Required work |
Lines to restate from the data below: from the one containing "majorant and dominated" to the one containing "unfolding Om_def by", both included. Give them again exactly, and only them.

Provided data |
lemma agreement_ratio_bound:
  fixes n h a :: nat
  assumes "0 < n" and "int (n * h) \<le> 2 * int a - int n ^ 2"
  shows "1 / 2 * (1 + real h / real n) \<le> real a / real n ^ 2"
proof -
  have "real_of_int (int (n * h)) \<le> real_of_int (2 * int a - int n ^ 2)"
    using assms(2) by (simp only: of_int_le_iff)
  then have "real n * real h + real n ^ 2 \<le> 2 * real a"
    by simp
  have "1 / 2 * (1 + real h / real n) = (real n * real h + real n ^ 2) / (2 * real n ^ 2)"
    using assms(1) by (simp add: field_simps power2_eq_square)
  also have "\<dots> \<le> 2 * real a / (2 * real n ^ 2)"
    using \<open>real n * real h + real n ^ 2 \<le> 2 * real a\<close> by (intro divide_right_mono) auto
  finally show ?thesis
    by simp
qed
--
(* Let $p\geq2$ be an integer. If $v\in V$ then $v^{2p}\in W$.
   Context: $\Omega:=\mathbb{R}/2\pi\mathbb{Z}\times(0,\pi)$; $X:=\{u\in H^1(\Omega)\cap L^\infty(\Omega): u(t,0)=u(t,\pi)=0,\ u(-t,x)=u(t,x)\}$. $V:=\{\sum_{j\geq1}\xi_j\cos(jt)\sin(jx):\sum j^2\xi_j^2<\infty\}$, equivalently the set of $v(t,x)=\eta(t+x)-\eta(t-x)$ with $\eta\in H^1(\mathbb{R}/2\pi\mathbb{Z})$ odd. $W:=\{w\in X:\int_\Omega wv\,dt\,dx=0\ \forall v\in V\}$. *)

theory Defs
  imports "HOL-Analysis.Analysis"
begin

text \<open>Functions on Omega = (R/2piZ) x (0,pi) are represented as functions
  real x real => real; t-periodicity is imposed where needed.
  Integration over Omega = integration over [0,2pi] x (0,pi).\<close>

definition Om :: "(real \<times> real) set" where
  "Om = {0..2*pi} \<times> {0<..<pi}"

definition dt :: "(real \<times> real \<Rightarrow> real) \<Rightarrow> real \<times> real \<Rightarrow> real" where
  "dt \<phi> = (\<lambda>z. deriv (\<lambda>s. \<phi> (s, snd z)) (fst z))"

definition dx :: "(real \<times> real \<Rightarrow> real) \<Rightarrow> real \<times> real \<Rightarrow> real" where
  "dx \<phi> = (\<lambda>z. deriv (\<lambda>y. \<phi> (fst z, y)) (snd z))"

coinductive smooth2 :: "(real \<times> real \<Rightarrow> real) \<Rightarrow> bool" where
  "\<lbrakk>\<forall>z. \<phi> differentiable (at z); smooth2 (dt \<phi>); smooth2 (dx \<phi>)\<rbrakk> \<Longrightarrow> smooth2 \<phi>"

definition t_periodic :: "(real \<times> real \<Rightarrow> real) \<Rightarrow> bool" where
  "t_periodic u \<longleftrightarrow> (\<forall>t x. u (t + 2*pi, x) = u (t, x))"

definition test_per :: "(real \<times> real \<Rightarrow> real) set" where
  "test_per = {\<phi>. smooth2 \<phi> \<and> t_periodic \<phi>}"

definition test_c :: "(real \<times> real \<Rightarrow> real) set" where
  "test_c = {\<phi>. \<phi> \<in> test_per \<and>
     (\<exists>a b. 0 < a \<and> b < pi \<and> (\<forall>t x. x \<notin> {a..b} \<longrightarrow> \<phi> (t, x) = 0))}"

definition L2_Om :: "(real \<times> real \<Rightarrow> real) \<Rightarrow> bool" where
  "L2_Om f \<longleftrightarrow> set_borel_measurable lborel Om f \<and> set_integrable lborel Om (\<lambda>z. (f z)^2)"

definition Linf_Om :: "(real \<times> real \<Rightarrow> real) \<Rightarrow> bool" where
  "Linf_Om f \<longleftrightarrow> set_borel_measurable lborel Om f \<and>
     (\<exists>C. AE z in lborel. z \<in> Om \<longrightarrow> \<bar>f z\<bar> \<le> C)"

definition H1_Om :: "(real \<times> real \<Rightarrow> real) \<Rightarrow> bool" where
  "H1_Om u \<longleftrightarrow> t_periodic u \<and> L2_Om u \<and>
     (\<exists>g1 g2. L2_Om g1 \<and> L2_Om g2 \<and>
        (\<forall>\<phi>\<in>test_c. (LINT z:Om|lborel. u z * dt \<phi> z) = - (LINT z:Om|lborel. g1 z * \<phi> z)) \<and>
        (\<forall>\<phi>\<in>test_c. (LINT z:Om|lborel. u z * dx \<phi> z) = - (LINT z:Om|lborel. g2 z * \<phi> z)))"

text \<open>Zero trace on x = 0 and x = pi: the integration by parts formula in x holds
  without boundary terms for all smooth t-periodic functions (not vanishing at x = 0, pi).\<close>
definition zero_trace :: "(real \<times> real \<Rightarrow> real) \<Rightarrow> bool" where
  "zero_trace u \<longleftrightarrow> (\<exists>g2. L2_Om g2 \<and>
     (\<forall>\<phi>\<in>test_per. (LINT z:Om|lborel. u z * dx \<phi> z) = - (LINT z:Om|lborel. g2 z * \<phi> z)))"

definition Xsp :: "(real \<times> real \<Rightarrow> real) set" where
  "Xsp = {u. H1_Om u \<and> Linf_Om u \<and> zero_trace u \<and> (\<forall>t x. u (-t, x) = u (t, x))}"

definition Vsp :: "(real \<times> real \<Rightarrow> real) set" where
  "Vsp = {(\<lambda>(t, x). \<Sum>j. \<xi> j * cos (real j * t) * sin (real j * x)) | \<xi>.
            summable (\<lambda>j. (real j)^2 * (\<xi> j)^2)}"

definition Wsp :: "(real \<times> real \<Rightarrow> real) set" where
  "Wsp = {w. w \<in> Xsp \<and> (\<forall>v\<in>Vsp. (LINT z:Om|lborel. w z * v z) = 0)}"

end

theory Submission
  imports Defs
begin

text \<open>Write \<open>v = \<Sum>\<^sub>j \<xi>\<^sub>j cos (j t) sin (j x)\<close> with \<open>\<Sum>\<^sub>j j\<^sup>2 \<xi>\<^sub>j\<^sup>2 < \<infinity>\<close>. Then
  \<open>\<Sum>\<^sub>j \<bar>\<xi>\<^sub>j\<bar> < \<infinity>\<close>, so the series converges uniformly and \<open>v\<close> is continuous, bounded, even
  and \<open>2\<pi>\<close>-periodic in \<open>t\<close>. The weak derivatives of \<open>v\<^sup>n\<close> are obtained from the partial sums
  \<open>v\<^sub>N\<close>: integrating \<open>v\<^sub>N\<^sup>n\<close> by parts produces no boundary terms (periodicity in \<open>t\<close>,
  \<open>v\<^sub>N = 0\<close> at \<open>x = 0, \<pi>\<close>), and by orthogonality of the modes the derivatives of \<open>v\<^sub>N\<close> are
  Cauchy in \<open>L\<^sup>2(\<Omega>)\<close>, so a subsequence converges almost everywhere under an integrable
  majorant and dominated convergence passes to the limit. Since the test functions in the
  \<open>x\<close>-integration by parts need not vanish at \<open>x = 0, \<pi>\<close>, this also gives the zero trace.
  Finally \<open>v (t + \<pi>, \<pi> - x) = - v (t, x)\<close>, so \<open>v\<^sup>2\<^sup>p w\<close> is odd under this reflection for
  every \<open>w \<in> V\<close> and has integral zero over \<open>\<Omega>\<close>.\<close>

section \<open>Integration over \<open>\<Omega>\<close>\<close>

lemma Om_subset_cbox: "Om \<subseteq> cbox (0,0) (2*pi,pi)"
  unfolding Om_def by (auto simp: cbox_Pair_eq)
* * *
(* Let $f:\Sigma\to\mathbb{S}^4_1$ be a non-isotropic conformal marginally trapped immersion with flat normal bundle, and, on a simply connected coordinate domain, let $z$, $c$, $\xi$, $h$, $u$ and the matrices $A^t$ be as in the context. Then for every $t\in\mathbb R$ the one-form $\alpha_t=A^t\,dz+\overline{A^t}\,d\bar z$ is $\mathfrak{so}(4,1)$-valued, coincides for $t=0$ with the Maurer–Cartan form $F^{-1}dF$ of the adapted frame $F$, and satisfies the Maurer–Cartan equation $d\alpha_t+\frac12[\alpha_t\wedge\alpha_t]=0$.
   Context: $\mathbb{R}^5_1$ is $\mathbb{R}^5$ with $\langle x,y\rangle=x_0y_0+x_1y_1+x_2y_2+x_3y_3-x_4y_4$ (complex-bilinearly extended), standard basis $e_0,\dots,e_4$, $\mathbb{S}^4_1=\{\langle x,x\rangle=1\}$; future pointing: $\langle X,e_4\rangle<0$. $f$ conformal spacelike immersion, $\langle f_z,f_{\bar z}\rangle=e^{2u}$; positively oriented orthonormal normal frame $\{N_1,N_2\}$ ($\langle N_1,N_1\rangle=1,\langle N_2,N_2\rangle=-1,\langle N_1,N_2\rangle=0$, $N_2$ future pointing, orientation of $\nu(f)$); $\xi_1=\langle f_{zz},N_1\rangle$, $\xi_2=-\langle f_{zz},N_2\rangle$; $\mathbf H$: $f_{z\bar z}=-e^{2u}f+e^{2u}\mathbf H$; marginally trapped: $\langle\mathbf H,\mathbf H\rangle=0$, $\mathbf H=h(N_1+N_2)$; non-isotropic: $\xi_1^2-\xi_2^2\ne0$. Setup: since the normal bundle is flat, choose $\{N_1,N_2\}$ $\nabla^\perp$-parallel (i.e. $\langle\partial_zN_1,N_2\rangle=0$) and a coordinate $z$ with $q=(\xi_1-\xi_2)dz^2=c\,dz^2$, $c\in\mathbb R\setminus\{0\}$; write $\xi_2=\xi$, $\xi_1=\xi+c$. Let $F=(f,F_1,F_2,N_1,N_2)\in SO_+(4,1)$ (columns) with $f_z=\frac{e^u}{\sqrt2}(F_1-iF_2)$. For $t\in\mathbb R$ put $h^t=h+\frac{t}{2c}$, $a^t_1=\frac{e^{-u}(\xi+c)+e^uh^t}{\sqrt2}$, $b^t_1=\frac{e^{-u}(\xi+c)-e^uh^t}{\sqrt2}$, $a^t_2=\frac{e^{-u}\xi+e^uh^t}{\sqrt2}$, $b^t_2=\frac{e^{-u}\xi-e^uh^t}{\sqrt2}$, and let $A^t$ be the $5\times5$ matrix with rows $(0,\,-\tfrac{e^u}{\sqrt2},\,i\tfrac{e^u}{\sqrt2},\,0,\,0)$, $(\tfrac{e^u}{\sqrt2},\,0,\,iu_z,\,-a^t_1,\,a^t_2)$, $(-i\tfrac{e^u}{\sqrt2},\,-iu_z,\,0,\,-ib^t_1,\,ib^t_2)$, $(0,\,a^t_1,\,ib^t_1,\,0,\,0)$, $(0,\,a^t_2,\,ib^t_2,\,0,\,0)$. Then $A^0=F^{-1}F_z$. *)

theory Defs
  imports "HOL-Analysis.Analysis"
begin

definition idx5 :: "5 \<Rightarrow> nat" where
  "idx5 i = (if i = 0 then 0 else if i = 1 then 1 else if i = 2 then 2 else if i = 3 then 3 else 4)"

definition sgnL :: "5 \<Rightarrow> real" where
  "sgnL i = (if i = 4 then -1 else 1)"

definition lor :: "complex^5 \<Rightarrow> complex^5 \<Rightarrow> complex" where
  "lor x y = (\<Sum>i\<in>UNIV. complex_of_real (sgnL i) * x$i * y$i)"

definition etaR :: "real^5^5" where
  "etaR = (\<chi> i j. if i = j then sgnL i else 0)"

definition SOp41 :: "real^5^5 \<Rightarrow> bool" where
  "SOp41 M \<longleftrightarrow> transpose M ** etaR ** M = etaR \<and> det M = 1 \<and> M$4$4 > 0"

Your response |
  majorant and dominated convergence passes to the limit. Since the test functions in the
  \<open>x\<close>-integration by parts need not vanish at \<open>x = 0, \<pi>\<close>, this also gives the zero trace.
  Finally \<open>v (t + \<pi>, \<pi> - x) = - v (t, x)\<close>, so \<open>v\<^sup>2\<^sup>p w\<close> is odd under this reflection for
  every \<open>w \<in> V\<close> and has integral zero over \<open>\<Omega>\<close>.\<close>

section \<open>Integration over \<open>\<Omega>\<close>\<close>

lemma Om_subset_cbox: "Om \<subseteq> cbox (0,0) (2*pi,pi)"
  unfolding Om_def by (auto simp: cbox_Pair_eq)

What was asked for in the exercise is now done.